Unnamed: 0,Species,InChIKey,Hcp
0,oxygen,MYMOFIZGZYHOMD-UHFFFAOYSA-N,1.2E-05
1,ozone,CBENFWSGALASAD-UHFFFAOYSA-N,1.0E-04
2,hydrogen atom,YZCKVEUIGOORGS-UHFFFAOYSA-N,2.6E-06
3,hydrogen,UFHFLCQGNIYNRP-UHFFFAOYSA-N,7.8E-06
4,deuterium,UFHFLCQGNIYNRP-VVKOMZTBSA-N,7.9E-06
...,...,...,...
4627,tetramethyl lead,XOOGZRUBTYCLHG-UHFFFAOYSA-N,1.6E-05
4628,ethyltrimethylplumbane,KHQJREYATBQBHY-UHFFFAOYSA-N,2.8E-05
4629,diethyldimethylplumbane,OLOAJSHVLXNSQV-UHFFFAOYSA-N,2.1E-05
4630,triethylmethylplumbane,KGFRUGHBHNUHOS-UHFFFAOYSA-N,1.6E-05


In [260]:
# converting string values to float 
df2['Hcp'] = df2['Hcp'].apply(pd.to_numeric, errors='coerce')

In [261]:
# save dataframe as csv
df2.to_csv('hcp_values.csv', index=False)

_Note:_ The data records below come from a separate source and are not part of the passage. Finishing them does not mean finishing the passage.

(* For an implication of canonical form $(\ast)$ and an environment $\eta$, the Parametricity Condition holds if and only if the implication is $n$-ary $\eta$-valid for every $n\ge1$.
   Context: $\mathsf{Heap}$: finite partial functions $\mathsf{PosInt}\to\mathsf{Int}$; $g\sqsubseteq h$ means $h$ extends $g$; $h\cdot g$ union of disjoint heaps; componentwise on $\mathsf{Heap}^n$. $\mathsf{IRel}_n$: upward closed subsets of $\mathsf{Heap}^n$; $p*q=\{\mathbf f\cdot\mathbf g\mid\mathbf f\in p,\mathbf g\in q,\text{componentwise disjoint}\}$; $\Delta_n(X)=\{(h_1,\dots,h_n)\mid\exists f\in X.\ \forall k.\ f\sqsubseteq h_k\}$. Assertions: built from primitive assertions $P$, assertion variables, $\mathsf{true},\mathsf{false},\wedge,\vee,*$, quantifiers over integer variables. $n$-ary meaning under $\eta$ and $\rho:\mathsf{AVar}\to\mathsf{IRel}_n$: $[\![P]\!]^n=\Delta_n([\![P]\!]^{\mathrm{prim}}_\eta)$, $[\![a]\!]^n=\rho(a)$, connectives by $\mathsf{Heap}^n,\emptyset,\cap,\cup,*$, quantifiers by unions/intersections. $n$-ary $\eta$-validity of $\varphi\Rightarrow\psi$: $[\![\varphi]\!]^n_{\eta,\rho}\subseteq[\![\psi]\!]^n_{\eta,\rho}$ for all $\rho:\mathsf{AVar}\to\mathsf{IRel}_n$. Canonical form $(\ast)$: $\bigwedge_{i=1}^M\varphi_i*a_{i,1}*\cdots*a_{i,M_i}\Rightarrow\bigvee_{j=1}^N\psi_j*b_{j,1}*\cdots*b_{j,N_j}$, $M\ge1$, $N\ge0$, $\varphi_i,\psi_j$ free of assertion variables, every $b_{j,k}$ among the $a_{i,k}$. $V=\{a_{i,k}\}$; $\Pi(i)(c)=|\{k\mid a_{i,k}=c\}|$, $\Omega(j)(c)=|\{k\mid b_{j,k}=c\}|$; $\Pi(i)\ge\Omega(j)$ iff $\Pi(i)(c)\ge\Omega(j)(c)$ for all $c\in V$. Disjunct $j$ is empty if $N_j=0$. Parametricity Condition: for all $h,h_1,\dots,h_M\in\mathsf{Heap}$ with $h_i\sqsubseteq h$ and $h_i\in[\![\varphi_i]\!]^1_\eta$ for all $i$, either (1) there are $i,j$ with $h_i\in[\![\psi_j]\!]^1_\eta$ and $\Pi(i)\ge\Omega(j)$, or (2) there is an empty disjunct $j$ with $h\in[\![\psi_j]\!]^1_\eta$. *)

theory Defs
  imports Main
begin

type_synonym heap = "int \<rightharpoonup> int"

definition Heap :: "heap set" where
  "Heap = {h. finite (dom h) \<and> dom h \<subseteq> {x. x > 0}}"

definition HeapN :: "nat \<Rightarrow> heap list set" where
  "HeapN n = {hs. length hs = n \<and> (\<forall>h\<in>set hs. h \<in> Heap)}"

definition le_tuple :: "heap list \<Rightarrow> heap list \<Rightarrow> bool" where
  "le_tuple gs hs \<longleftrightarrow> length gs = length hs \<and> (\<forall>k<length hs. gs ! k \<subseteq>\<^sub>m hs ! k)"

definition IRel :: "nat \<Rightarrow> heap list set set" where
  "IRel n = {p. p \<subseteq> HeapN n \<and> (\<forall>gs\<in>p. \<forall>hs\<in>HeapN n. le_tuple gs hs \<longrightarrow> hs \<in> p)}"

definition disj_tuple :: "heap list \<Rightarrow> heap list \<Rightarrow> bool" where
  "disj_tuple fs gs \<longleftrightarrow> length fs = length gs \<and>
     (\<forall>k<length fs. dom (fs ! k) \<inter> dom (gs ! k) = {})"

definition union_tuple :: "heap list \<Rightarrow> heap list \<Rightarrow> heap list" where
  "union_tuple fs gs = map2 (\<lambda>f g. f ++ g) fs gs"

definition sep_star :: "heap list set \<Rightarrow> heap list set \<Rightarrow> heap list set" where
  "sep_star p q = {union_tuple fs gs | fs gs. fs \<in> p \<and> gs \<in> q \<and> disj_tuple fs gs}"

definition Delta :: "nat \<Rightarrow> heap set \<Rightarrow> heap list set" where
  "Delta n X = {hs. length hs = n \<and> (\<forall>h\<in>set hs. h \<in> Heap) \<and>
                    (\<exists>f\<in>X. \<forall>k<n. f \<subseteq>\<^sub>m hs ! k)}"

text \<open>'p: primitive assertions, 'v: integer variables, 'a: assertion variables.\<close>
datatype ('p, 'v, 'a) assn =
    Prim 'p
  | AVar 'a
  | ATrue
  | AFalse
  | Conj "('p, 'v, 'a) assn" "('p, 'v, 'a) assn"
  | Disj "('p, 'v, 'a) assn" "('p, 'v, 'a) assn"
  | Star "('p, 'v, 'a) assn" "('p, 'v, 'a) assn"
  | Ex 'v "('p, 'v, 'a) assn"
  | All 'v "('p, 'v, 'a) assn"

fun avars :: "('p, 'v, 'a) assn \<Rightarrow> 'a set" where
  "avars (Prim P) = {}"
| "avars (AVar a) = {a}"
| "avars ATrue = {}"
| "avars AFalse = {}"
| "avars (Conj p q) = avars p \<union> avars q"
| "avars (Disj p q) = avars p \<union> avars q"
| "avars (Star p q) = avars p \<union> avars q"
| "avars (Ex x p) = avars p"
| "avars (All x p) = avars p"

text \<open>n-ary meaning. prim is the primitive semantics: prim P eta is the set of heaps
  denoted by the primitive assertion P under the integer environment eta.\<close>
fun sem :: "('p \<Rightarrow> ('v \<Rightarrow> int) \<Rightarrow> heap set) \<Rightarrow> nat \<Rightarrow> ('v \<Rightarrow> int) \<Rightarrow> ('a \<Rightarrow> heap list set)
             \<Rightarrow> ('p, 'v, 'a) assn \<Rightarrow> heap list set" where
  "sem prim n \<eta> \<rho> (Prim P) = Delta n (prim P \<eta>)"
| "sem prim n \<eta> \<rho> (AVar a) = \<rho> a"
| "sem prim n \<eta> \<rho> ATrue = HeapN n"
| "sem prim n \<eta> \<rho> AFalse = {}"
| "sem prim n \<eta> \<rho> (Conj p q) = sem prim n \<eta> \<rho> p \<inter> sem prim n \<eta> \<rho> q"
| "sem prim n \<eta> \<rho> (Disj p q) = sem prim n \<eta> \<rho> p \<union> sem prim n \<eta> \<rho> q"
| "sem prim n \<eta> \<rho> (Star p q) = sep_star (sem prim n \<eta> \<rho> p) (sem prim n \<eta> \<rho> q)"
| "sem prim n \<eta> \<rho> (Ex x p) = (\<Union>v. sem prim n (\<eta>(x := v)) \<rho> p)"
| "sem prim n \<eta> \<rho> (All x p) = HeapN n \<inter> (\<Inter>v. sem prim n (\<eta>(x := v)) \<rho> p)"

definition valid_n :: "('p \<Rightarrow> ('v \<Rightarrow> int) \<Rightarrow> heap set) \<Rightarrow> nat \<Rightarrow> ('v \<Rightarrow> int)
    \<Rightarrow> ('p, 'v, 'a) assn \<Rightarrow> ('p, 'v, 'a) assn \<Rightarrow> bool" where
  "valid_n prim n \<eta> \<phi> \<psi> \<longleftrightarrow>
     (\<forall>\<rho>. (\<forall>a. \<rho> a \<in> IRel n) \<longrightarrow> sem prim n \<eta> \<rho> \<phi> \<subseteq> sem prim n \<eta> \<rho> \<psi>)"

text \<open>A canonical implication is given by a list L of pairs (phi_i, [a_i1,...,a_iMi])
  (the conjuncts) and a list R of pairs (psi_j, [b_j1,...,b_jNj]) (the disjuncts).\<close>

definition star_vars :: "('p, 'v, 'a) assn \<Rightarrow> 'a list \<Rightarrow> ('p, 'v, 'a) assn" where
  "star_vars \<phi> as = foldl Star \<phi> (map AVar as)"

fun big_conj :: "('p, 'v, 'a) assn list \<Rightarrow> ('p, 'v, 'a) assn" where
  "big_conj [] = ATrue"
| "big_conj [p] = p"
| "big_conj (p # ps) = Conj p (big_conj ps)"

fun big_disj :: "('p, 'v, 'a) assn list \<Rightarrow> ('p, 'v, 'a) assn" where
  "big_disj [] = AFalse"
| "big_disj [p] = p"
| "big_disj (p # ps) = Disj p (big_disj ps)"

definition canon_lhs :: "(('p, 'v, 'a) assn \<times> 'a list) list \<Rightarrow> ('p, 'v, 'a) assn" where
  "canon_lhs L = big_conj (map (\<lambda>(\<phi>, as). star_vars \<phi> as) L)"

definition canon_rhs :: "(('p, 'v, 'a) assn \<times> 'a list) list \<Rightarrow> ('p, 'v, 'a) assn" where
  "canon_rhs R = big_disj (map (\<lambda>(\<psi>, bs). star_vars \<psi> bs) R)"

definition canonical :: "(('p, 'v, 'a) assn \<times> 'a list) list \<Rightarrow> (('p, 'v, 'a) assn \<times> 'a list) list \<Rightarrow> bool" where
  "canonical L R \<longleftrightarrow> L \<noteq> [] \<and>
     (\<forall>(\<phi>, as)\<in>set L. avars \<phi> = {}) \<and>
     (\<forall>(\<psi>, bs)\<in>set R. avars \<psi> = {}) \<and>
     (\<forall>(\<psi>, bs)\<in>set R. set bs \<subseteq> (\<Union>(\<phi>, as)\<in>set L. set as))"

definition Vset :: "(('p, 'v, 'a) assn \<times> 'a list) list \<Rightarrow> 'a set" where
  "Vset L = (\<Union>(\<phi>, as)\<in>set L. set as)"

definition Pi :: "(('p, 'v, 'a) assn \<times> 'a list) list \<Rightarrow> nat \<Rightarrow> 'a \<Rightarrow> nat" where
  "Pi L i c = length (filter (\<lambda>a. a = c) (snd (L ! i)))"

definition Omega :: "(('p, 'v, 'a) assn \<times> 'a list) list \<Rightarrow> nat \<Rightarrow> 'a \<Rightarrow> nat" where
  "Omega R j c = length (filter (\<lambda>b. b = c) (snd (R ! j)))"

definition Pi_ge_Omega :: "(('p, 'v, 'a) assn \<times> 'a list) list \<Rightarrow> (('p, 'v, 'a) assn \<times> 'a list) list
    \<Rightarrow> nat \<Rightarrow> nat \<Rightarrow> bool" where
  "Pi_ge_Omega L R i j \<longleftrightarrow> (\<forall>c\<in>Vset L. Pi L i c \<ge> Omega R j c)"

text \<open>Unary meaning of an assertion free of assertion variables (rho is irrelevant).\<close>
definition sem1 :: "('p \<Rightarrow> ('v \<Rightarrow> int) \<Rightarrow> heap set) \<Rightarrow> ('v \<Rightarrow> int) \<Rightarrow> ('p, 'v, 'a) assn \<Rightarrow> heap set" where
  "sem1 prim \<eta> \<phi> = {h. [h] \<in> sem prim 1 \<eta> (\<lambda>_. {}) \<phi>}"

definition parametricity_condition :: "('p \<Rightarrow> ('v \<Rightarrow> int) \<Rightarrow> heap set) \<Rightarrow> ('v \<Rightarrow> int)
    \<Rightarrow> (('p, 'v, 'a) assn \<times> 'a list) list \<Rightarrow> (('p, 'v, 'a) assn \<times> 'a list) list \<Rightarrow> bool" where
  "parametricity_condition prim \<eta> L R \<longleftrightarrow>
     (\<forall>h hs. h \<in> Heap \<longrightarrow> length hs = length L \<longrightarrow>
        (\<forall>i<length L. hs ! i \<in> Heap \<and> hs ! i \<subseteq>\<^sub>m h \<and> hs ! i \<in> sem1 prim \<eta> (fst (L ! i))) \<longrightarrow>
        (\<exists>i<length L. \<exists>j<length R. hs ! i \<in> sem1 prim \<eta> (fst (R ! j)) \<and> Pi_ge_Omega L R i j) \<or>
        (\<exists>j<length R. snd (R ! j) = [] \<and> h \<in> sem1 prim \<eta> (fst (R ! j))))"

end

theory Submission
  imports Defs "HOL-Library.Multiset" "HOL-Library.Countable"
begin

### Comparing methods by which dataframes were created

In [262]:
# check how many rows match up
merged = pd.merge(df_clean, df2, on=['Species'], how='inner')

In [263]:
merged

Unnamed: 0,Species,Hcp_x,InChIKey,Hcp_y
0,oxygen,1.2e-05,MYMOFIZGZYHOMD-UHFFFAOYSA-N,1.200000e-05
1,ozone,0.0001,CBENFWSGALASAD-UHFFFAOYSA-N,1.000000e-04
2,hydrogen atom,2.6e-06,YZCKVEUIGOORGS-UHFFFAOYSA-N,2.600000e-06
3,hydrogen,7.8e-06,UFHFLCQGNIYNRP-UHFFFAOYSA-N,7.800000e-06
4,deuterium,7.9e-06,UFHFLCQGNIYNRP-VVKOMZTBSA-N,7.900000e-06
...,...,...,...,...
3733,"(2,4-dichlorophenoxy)-acetic acid, 2-butoxyeth...",0.62,ZMWGIGHRZQTQRE-UHFFFAOYSA-N,6.200000e+01
3734,"(2,4-dichlorophenoxy)-acetic acid 2-ethylhexyl...",0.55,QZSFJRIWRPJUOH-UHFFFAOYSA-N,5.500000e-01
3735,(bromomethyl)-benzene,0.0014,AGEZXYOZHKGVCM-UHFFFAOYSA-N,1.400000e-03
3736,(2-bromoethyl)-benzene,0.0065,WMPPDTMATNBGJN-UHFFFAOYSA-N,6.500000e-03


894 were not matched meaning they were missing from the final pdf scraped dataset.